In keeping with Fatso’s role as a protest against the commercialization of Olympic mascots,[3] only two Fatsos were officially produced: one for use in the studio and the other for use in the athletes’ village.[1] A number of unofficial Fatso toys and memorabilia were sold by merchants without authorization from the producers of The Dream.[7][8] A statue of Fatso appears as part of an official Olympic memorial outside the Sydney Olympic Stadium.[6][/quote]

HG

The difference being that the Aussie state won’t send people to prison* over Fatso. And if you build statues to non state approved mascots in China, the government will knock them over with tanks

  • I think under English law, large areas of Australia are still technically classed as prisons, so if you lived on one of those, evil PRC apologists could say that you were in prison. But, damnit, that’s not the point here.

Product placement in deleted scenes in films are sometimes blurred out. As are company names/logos on T-shirts of people appearing on TV.

In Holland they found a new solution … unwanted brand names on TV are made unreadable by mirror imaging the video footage … weird to see cars with steering wheels on the right, people wearing watches on the wrong side etc. …

What? You mean this.
msnbc.msn.com/id/11414718/

[quote]AP Associated Press updated 5:46 p.m. ET Feb. 17, 2006
TURIN, Italy - Samsung can’t put its name on its popular flat-screen televisions, even in its own VIP lounge. Workers at Winter Olympic venues are taping over the Dell logos on laptops in the press boxes. The Austrians had to cover up the spiders on their Spyder jackets.

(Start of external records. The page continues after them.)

lemma nodal_quartic_normal_form:
  assumes "r \<noteq> s ^ 2 \<or> q \<noteq> s ^ 3 \<or> p \<noteq> s ^ 4" and node: "is_node (gam p q r s) x"
  shows "\<exists>\<phi>. is_param (curve_img (gam p q r s)) \<phi> \<and>
    peq (evalm \<phi> (Some 0)) (evalm \<phi> None) \<and> is_node (gam p q r s) (evalm \<phi> (Some 0)) \<and>
    (\<forall>t1 t2 t3 t4. distinct [t1, t2, t3, t4] \<longrightarrow>
      (coplanar4 (evalm \<phi> (Some t1)) (evalm \<phi> (Some t2)) (evalm \<phi> (Some t3)) (evalm \<phi> (Some t4))
       \<longleftrightarrow> t1 * t2 * t3 * t4 = 1))"
proof -
  obtain \<phi> where \<phi>: "is_bmap \<phi>" "fst \<phi> = 4" and img: "curve_img \<phi> = curve_img (gam p q r s)"
    and "peq (evalm \<phi> (Some 0)) x" and ends: "\<forall>j<4. evalm \<phi> (Some 0) j = evalm \<phi> None j"
    using node_at_zero_and_infinity[OF assms] .
  have "nonplanar (curve_img \<phi>)" using nonplanar_gam img by simp
  note coplanar = coplanar4_iff_prod_eq_1[OF \<phi> this ends]
  have "finite {t4. t1 * t2 * t3 * t4 = 1}" for t1 t2 t3 :: complex
    by (rule finite_subset[of _ "{1 / (t1 * t2 * t3)}"]) (auto simp: field_simps intro!: eq_divide_imp)
  with coplanar have "is_param (curve_img \<phi>) \<phi>"
    by (rule is_param_if_coplanar4_iff[OF \<phi>(1)])
  moreover have "peq (evalm \<phi> (Some 0)) (evalm \<phi> None)"
    unfolding peq_def using ends by (intro exI[of _ 1]) simp
  moreover have "is_node (gam p q r s) (evalm \<phi> (Some 0))"
    using is_node_peq node \<open>peq (evalm \<phi> (Some 0)) x\<close> by blast
  ultimately show ?thesis using img coplanar by (intro exI[of _ \<phi>]) auto
qed

lemma cusp_at_infinity:
  assumes nondeg: "r \<noteq> s ^ 2 \<or> q \<noteq> s ^ 3 \<or> p \<noteq> s ^ 4"
    and cusp: "is_cusp (gam p q r s) x"
  obtains \<phi> where "is_bmap \<phi>" "fst \<phi> = 4" "curve_img \<phi> = curve_img (gam p q r s)"
    "peq (evalm \<phi> None) x" "\<forall>j<4. coeff (snd \<phi> j) 3 = 0"
proof -
  let ?g = "gam p q r s"
  obtain a where "{z. peq (evalm ?g z) x} = {a}" and "\<not> unram ?g a"
    using cusp unfolding is_cusp_def by blast
  then have "peq (evalm ?g a) x" by auto
  obtain t where a: "a = Some t"
    using \<open>\<not> unram ?g a\<close> unram_gam_infinity by (cases a) auto
  note rel = ramified_gam_relations[OF \<open>\<not> unram ?g a\<close>[unfolded a]]
  have "t + s \<noteq> 0"
  proof
    assume "t + s = 0"
    then have "t = - s" by (simp add: add_eq_0_iff2)
    with rel nondeg show False by (simp add: eval_nat_numeral algebra_simps)
  qed
  define \<sigma> where "\<sigma> = - 1 / (4 * (t + s))"
  have "\<sigma> * (4 * (t + s)) = - 1"
    unfolding \<sigma>_def using \<open>t + s \<noteq> 0\<close> by (simp del: distrib_left_numeral)
  then have \<sigma>: "1 + 4 * \<sigma> * (t + s) = 0" by (simp only: ac_simps) simp
  define \<phi> where "\<phi> = reparam t (t * \<sigma> + 1) 1 \<sigma> ?g"
  have det: "t * \<sigma> - (t * \<sigma> + 1) * 1 \<noteq> 0" by simp
  have "evalm \<phi> None = evalm ?g a"
    by (simp add: \<phi>_def a evalm_eq_evalh evalh_reparam)
  moreover have "\<forall>j<4. coeff (snd \<phi> j) 3 = 0"
    unfolding \<phi>_def using coeff3_cusp_reparam[OF rel] \<sigma> by simp
  moreover note is_bmap_reparam[OF is_bmap_gam[OF nondeg] det]
    curve_img_reparam[OF is_bmap_gam[OF nondeg] det]
  moreover have "fst \<phi> = 4" by (simp add: \<phi>_def reparam_def fst_gam)
  ultimately show thesis
    using that \<open>peq (evalm ?g a) x\<close> unfolding \<phi>_def by metis
qed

The advertising police are out in force at the Turin Games, enforcing arcane rules with a vigor unmatched at Olympics past…
[/quote]

How odd, I thought Mussolini was dead a long time ago.

Frankly, I don’t think there’s anything wrong with not giving any free advertising to non-sponsoring companies. I mean the Olympic sponsors did each pay a gazillion dollars and all.